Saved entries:

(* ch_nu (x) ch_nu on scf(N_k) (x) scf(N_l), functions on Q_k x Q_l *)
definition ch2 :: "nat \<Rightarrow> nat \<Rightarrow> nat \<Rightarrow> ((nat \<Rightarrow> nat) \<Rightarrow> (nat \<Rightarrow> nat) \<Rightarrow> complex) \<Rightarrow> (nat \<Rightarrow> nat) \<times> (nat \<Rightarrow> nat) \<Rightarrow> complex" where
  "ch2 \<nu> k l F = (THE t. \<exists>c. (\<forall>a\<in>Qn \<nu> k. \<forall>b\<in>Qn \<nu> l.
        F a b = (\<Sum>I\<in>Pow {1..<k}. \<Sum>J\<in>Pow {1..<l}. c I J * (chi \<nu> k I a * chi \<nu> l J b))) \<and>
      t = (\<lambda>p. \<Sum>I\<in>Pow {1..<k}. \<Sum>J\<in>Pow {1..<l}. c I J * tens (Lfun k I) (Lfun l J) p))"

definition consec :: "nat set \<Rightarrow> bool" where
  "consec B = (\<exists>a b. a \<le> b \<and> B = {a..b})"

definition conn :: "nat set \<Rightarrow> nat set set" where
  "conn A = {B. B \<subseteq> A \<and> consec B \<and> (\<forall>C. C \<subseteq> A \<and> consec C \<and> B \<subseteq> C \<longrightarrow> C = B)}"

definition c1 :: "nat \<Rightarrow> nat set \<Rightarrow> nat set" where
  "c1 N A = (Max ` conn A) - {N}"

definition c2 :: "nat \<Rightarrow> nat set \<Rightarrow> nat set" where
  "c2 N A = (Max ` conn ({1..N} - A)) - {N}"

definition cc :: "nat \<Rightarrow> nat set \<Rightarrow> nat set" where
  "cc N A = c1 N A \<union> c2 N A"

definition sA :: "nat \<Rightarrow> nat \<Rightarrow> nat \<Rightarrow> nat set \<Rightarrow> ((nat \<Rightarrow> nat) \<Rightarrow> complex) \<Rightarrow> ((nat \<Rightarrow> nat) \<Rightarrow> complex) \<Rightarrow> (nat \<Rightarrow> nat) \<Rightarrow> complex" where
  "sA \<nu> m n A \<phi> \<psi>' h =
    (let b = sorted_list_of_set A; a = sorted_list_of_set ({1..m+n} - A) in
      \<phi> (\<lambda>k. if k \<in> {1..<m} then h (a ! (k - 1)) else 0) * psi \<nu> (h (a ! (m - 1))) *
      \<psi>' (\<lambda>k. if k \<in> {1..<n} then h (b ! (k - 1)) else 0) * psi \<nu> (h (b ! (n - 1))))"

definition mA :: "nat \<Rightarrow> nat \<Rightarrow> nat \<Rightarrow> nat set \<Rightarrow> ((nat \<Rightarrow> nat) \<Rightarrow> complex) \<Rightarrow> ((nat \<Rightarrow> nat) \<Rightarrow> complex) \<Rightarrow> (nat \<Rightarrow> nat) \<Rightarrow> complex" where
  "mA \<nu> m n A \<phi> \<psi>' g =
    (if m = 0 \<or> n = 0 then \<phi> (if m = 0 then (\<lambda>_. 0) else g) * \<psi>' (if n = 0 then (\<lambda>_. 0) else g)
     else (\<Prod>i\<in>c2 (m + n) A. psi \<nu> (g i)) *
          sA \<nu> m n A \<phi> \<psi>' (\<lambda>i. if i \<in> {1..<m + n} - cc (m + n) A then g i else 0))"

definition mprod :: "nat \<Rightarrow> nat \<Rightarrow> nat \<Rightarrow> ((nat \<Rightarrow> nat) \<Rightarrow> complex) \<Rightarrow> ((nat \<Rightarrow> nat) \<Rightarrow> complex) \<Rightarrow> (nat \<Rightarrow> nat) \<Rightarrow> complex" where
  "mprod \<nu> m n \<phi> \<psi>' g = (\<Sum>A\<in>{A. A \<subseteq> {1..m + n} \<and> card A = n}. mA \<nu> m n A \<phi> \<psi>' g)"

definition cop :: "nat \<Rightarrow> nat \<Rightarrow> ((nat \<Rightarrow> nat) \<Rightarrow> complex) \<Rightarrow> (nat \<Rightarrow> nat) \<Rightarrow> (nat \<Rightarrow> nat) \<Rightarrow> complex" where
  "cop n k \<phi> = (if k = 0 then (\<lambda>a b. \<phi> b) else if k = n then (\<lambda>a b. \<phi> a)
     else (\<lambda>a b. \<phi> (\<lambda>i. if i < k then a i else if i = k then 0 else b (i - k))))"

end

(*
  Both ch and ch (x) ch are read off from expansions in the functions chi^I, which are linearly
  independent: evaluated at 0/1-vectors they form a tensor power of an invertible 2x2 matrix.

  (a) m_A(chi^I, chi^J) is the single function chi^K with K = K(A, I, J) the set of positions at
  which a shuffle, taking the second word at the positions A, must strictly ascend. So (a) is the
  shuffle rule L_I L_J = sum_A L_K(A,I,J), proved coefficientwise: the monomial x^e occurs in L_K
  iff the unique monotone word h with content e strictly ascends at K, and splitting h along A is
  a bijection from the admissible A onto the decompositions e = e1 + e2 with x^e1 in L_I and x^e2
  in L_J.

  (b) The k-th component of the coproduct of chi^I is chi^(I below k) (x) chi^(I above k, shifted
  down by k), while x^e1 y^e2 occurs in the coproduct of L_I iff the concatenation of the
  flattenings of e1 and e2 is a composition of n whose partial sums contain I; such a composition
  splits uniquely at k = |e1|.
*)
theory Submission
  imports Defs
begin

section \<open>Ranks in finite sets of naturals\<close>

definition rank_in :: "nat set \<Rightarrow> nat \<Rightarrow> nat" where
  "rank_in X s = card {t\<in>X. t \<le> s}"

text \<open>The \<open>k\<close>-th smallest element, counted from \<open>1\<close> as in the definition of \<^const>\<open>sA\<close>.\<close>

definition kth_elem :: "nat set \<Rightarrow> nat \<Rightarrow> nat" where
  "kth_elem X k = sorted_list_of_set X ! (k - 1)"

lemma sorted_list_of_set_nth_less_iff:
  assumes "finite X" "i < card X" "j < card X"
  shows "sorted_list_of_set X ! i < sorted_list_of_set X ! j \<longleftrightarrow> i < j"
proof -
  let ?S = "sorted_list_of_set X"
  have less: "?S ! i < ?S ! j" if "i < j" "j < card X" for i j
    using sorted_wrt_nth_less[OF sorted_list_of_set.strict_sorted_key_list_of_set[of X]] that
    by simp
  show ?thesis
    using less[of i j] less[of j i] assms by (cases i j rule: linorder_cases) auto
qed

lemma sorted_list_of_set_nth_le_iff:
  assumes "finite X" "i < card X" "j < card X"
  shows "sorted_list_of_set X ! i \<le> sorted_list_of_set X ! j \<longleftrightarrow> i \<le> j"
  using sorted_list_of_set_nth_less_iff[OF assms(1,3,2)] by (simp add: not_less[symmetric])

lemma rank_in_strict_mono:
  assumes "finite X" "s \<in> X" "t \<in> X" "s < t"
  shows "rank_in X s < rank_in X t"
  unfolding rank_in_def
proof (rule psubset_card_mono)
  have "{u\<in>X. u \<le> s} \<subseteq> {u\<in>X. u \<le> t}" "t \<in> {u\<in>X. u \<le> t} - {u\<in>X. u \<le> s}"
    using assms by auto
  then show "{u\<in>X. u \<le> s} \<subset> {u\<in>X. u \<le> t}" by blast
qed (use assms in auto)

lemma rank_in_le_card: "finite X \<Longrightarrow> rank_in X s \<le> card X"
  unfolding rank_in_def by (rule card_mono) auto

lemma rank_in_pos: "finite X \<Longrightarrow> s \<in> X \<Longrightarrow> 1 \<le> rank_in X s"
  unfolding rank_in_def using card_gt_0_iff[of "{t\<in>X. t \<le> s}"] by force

## What the exercise asks:
Type out all of the records again, exactly.

## Output for this exercise:
(* ch_nu (x) ch_nu on scf(N_k) (x) scf(N_l), functions on Q_k x Q_l *)
definition ch2 :: "nat \<Rightarrow> nat \<Rightarrow> nat \<Rightarrow> ((nat \<Rightarrow> nat) \<Rightarrow> (nat \<Rightarrow> nat) \<Rightarrow> complex) \<Rightarrow> (nat \<Rightarrow> nat) \<times> (nat \<Rightarrow> nat) \<Rightarrow> complex" where
  "ch2 \<nu> k l F = (THE t. \<exists>c. (\<forall>a\<in>Qn \<nu> k. \<forall>b\<in>Qn \<nu> l.
        F a b = (\<Sum>I\<in>Pow {1..<k}. \<Sum>J\<in>Pow {1..<l}. c I J * (chi \<nu> k I a * chi \<nu> l J b))) \<and>
      t = (\<lambda>p. \<Sum>I\<in>Pow {1..<k}. \<Sum>J\<in>Pow {1..<l}. c I J * tens (Lfun k I) (Lfun l J) p))"

definition consec :: "nat set \<Rightarrow> bool" where
  "consec B = (\<exists>a b. a \<le> b \<and> B = {a..b})"

definition conn :: "nat set \<Rightarrow> nat set set" where
  "conn A = {B. B \<subseteq> A \<and> consec B \<and> (\<forall>C. C \<subseteq> A \<and> consec C \<and> B \<subseteq> C \<longrightarrow> C = B)}"

definition c1 :: "nat \<Rightarrow> nat set \<Rightarrow> nat set" where
  "c1 N A = (Max ` conn A) - {N}"

definition c2 :: "nat \<Rightarrow> nat set \<Rightarrow> nat set" where
  "c2 N A = (Max ` conn ({1..N} - A)) - {N}"

definition cc :: "nat \<Rightarrow> nat set \<Rightarrow> nat set" where
  "cc N A = c1 N A \<union> c2 N A"

definition sA :: "nat \<Rightarrow> nat \<Rightarrow> nat \<Rightarrow> nat set \<Rightarrow> ((nat \<Rightarrow> nat) \<Rightarrow> complex) \<Rightarrow> ((nat \<Rightarrow> nat) \<Rightarrow> complex) \<Rightarrow> (nat \<Rightarrow> nat) \<Rightarrow> complex" where
  "sA \<nu> m n A \<phi> \<psi>' h =
    (let b = sorted_list_of_set A; a = sorted_list_of_set ({1..m+n} - A) in
      \<phi> (\<lambda>k. if k \<in> {1..<m} then h (a ! (k - 1)) else 0) * psi \<nu> (h (a ! (m - 1))) *
      \<psi>' (\<lambda>k. if k \<in> {1..<n} then h (b ! (k - 1)) else 0) * psi \<nu> (h (b ! (n - 1))))"

definition mA :: "nat \<Rightarrow> nat \<Rightarrow> nat \<Rightarrow> nat set \<Rightarrow> ((nat \<Rightarrow> nat) \<Rightarrow> complex) \<Rightarrow> ((nat \<Rightarrow> nat) \<Rightarrow> complex) \<Rightarrow> (nat \<Rightarrow> nat) \<Rightarrow> complex" where
  "mA \<nu> m n A \<phi> \<psi>' g =
    (if m = 0 \<or> n = 0 then \<phi> (if m = 0 then (\<lambda>_. 0) else g) * \<psi>' (if n = 0 then (\<lambda>_. 0) else g)
     else (\<Prod>i\<in>c2 (m + n) A. psi \<nu> (g i)) *
          sA \<nu> m n A \<phi> \<psi>' (\<lambda>i. if i \<in> {1..<m + n} - cc (m + n) A then g i else 0))"

definition mprod :: "nat \<Rightarrow> nat \<Rightarrow> nat \<Rightarrow> ((nat \<Rightarrow> nat) \<Rightarrow> complex) \<Rightarrow> ((nat \<Rightarrow> nat) \<Rightarrow> complex) \<Rightarrow> (nat \<Rightarrow> nat) \<Rightarrow> complex" where
  "mprod \<nu> m n \<phi> \<psi>' g = (\<Sum>A\<in>{A. A \<subseteq> {1..m + n} \<and> card A = n}. mA \<nu> m n A \<phi> \<psi>' g)"

definition cop :: "nat \<Rightarrow> nat \<Rightarrow> ((nat \<Rightarrow> nat) \<Rightarrow> complex) \<Rightarrow> (nat \<Rightarrow> nat) \<Rightarrow> (nat \<Rightarrow> nat) \<Rightarrow> complex" where
  "cop n k \<phi> = (if k = 0 then (\<lambda>a b. \<phi> b) else if k = n then (\<lambda>a b. \<phi> a)
     else (\<lambda>a b. \<phi> (\<lambda>i. if i < k then a i else if i = k then 0 else b (i - k))))"

end

(*
  Both ch and ch (x) ch are read off from expansions in the functions chi^I, which are linearly
  independent: evaluated at 0/1-vectors they form a tensor power of an invertible 2x2 matrix.

  (a) m_A(chi^I, chi^J) is the single function chi^K with K = K(A, I, J) the set of positions at
  which a shuffle, taking the second word at the positions A, must strictly ascend. So (a) is the
  shuffle rule L_I L_J = sum_A L_K(A,I,J), proved coefficientwise: the monomial x^e occurs in L_K
  iff the unique monotone word h with content e strictly ascends at K, and splitting h along A is
  a bijection from the admissible A onto the decompositions e = e1 + e2 with x^e1 in L_I and x^e2
  in L_J.

  (b) The k-th component of the coproduct of chi^I is chi^(I below k) (x) chi^(I above k, shifted
  down by k), while x^e1 y^e2 occurs in the coproduct of L_I iff the concatenation of the
  flattenings of e1 and e2 is a composition of n whose partial sums contain I; such a composition
  splits uniquely at k = |e1|.
*)
theory Submission
  imports Defs
begin

section \<open>Ranks in finite sets of naturals\<close>

definition rank_in :: "nat set \<Rightarrow> nat \<Rightarrow> nat" where
  "rank_in X s = card {t\<in>X. t \<le> s}"

text \<open>The \<open>k\<close>-th smallest element, counted from \<open>1\<close> as in the definition of \<^const>\<open>sA\<close>.\<close>

definition kth_elem :: "nat set \<Rightarrow> nat \<Rightarrow> nat" where
  "kth_elem X k = sorted_list_of_set X ! (k - 1)"

lemma sorted_list_of_set_nth_less_iff:
  assumes "finite X" "i < card X" "j < card X"
  shows "sorted_list_of_set X ! i < sorted_list_of_set X ! j \<longleftrightarrow> i < j"
proof -
  let ?S = "sorted_list_of_set X"
  have less: "?S ! i < ?S ! j" if "i < j" "j < card X" for i j
    using sorted_wrt_nth_less[OF sorted_list_of_set.strict_sorted_key_list_of_set[of X]] that
    by simp
  show ?thesis
    using less[of i j] less[of j i] assms by (cases i j rule: linorder_cases) auto
qed

lemma sorted_list_of_set_nth_le_iff:
  assumes "finite X" "i < card X" "j < card X"
  shows "sorted_list_of_set X ! i \<le> sorted_list_of_set X ! j \<longleftrightarrow> i \<le> j"
  using sorted_list_of_set_nth_less_iff[OF assms(1,3,2)] by (simp add: not_less[symmetric])

lemma rank_in_strict_mono:
  assumes "finite X" "s \<in> X" "t \<in> X" "s < t"
  shows "rank_in X s < rank_in X t"
  unfolding rank_in_def
proof (rule psubset_card_mono)
  have "{u\<in>X. u \<le> s} \<subseteq> {u\<in>X. u \<le> t}" "t \<in> {u\<in>X. u \<le> t} - {u\<in>X. u \<le> s}"
    using assms by auto
  then show "{u\<in>X. u \<le> s} \<subset> {u\<in>X. u \<le> t}" by blast
qed (use assms in auto)

lemma rank_in_le_card: "finite X \<Longrightarrow> rank_in X s \<le> card X"
  unfolding rank_in_def by (rule card_mono) auto

lemma rank_in_pos: "finite X \<Longrightarrow> s \<in> X \<Longrightarrow> 1 \<le> rank_in X s"
  unfolding rank_in_def using card_gt_0_iff[of "{t\<in>X. t \<le> s}"] by force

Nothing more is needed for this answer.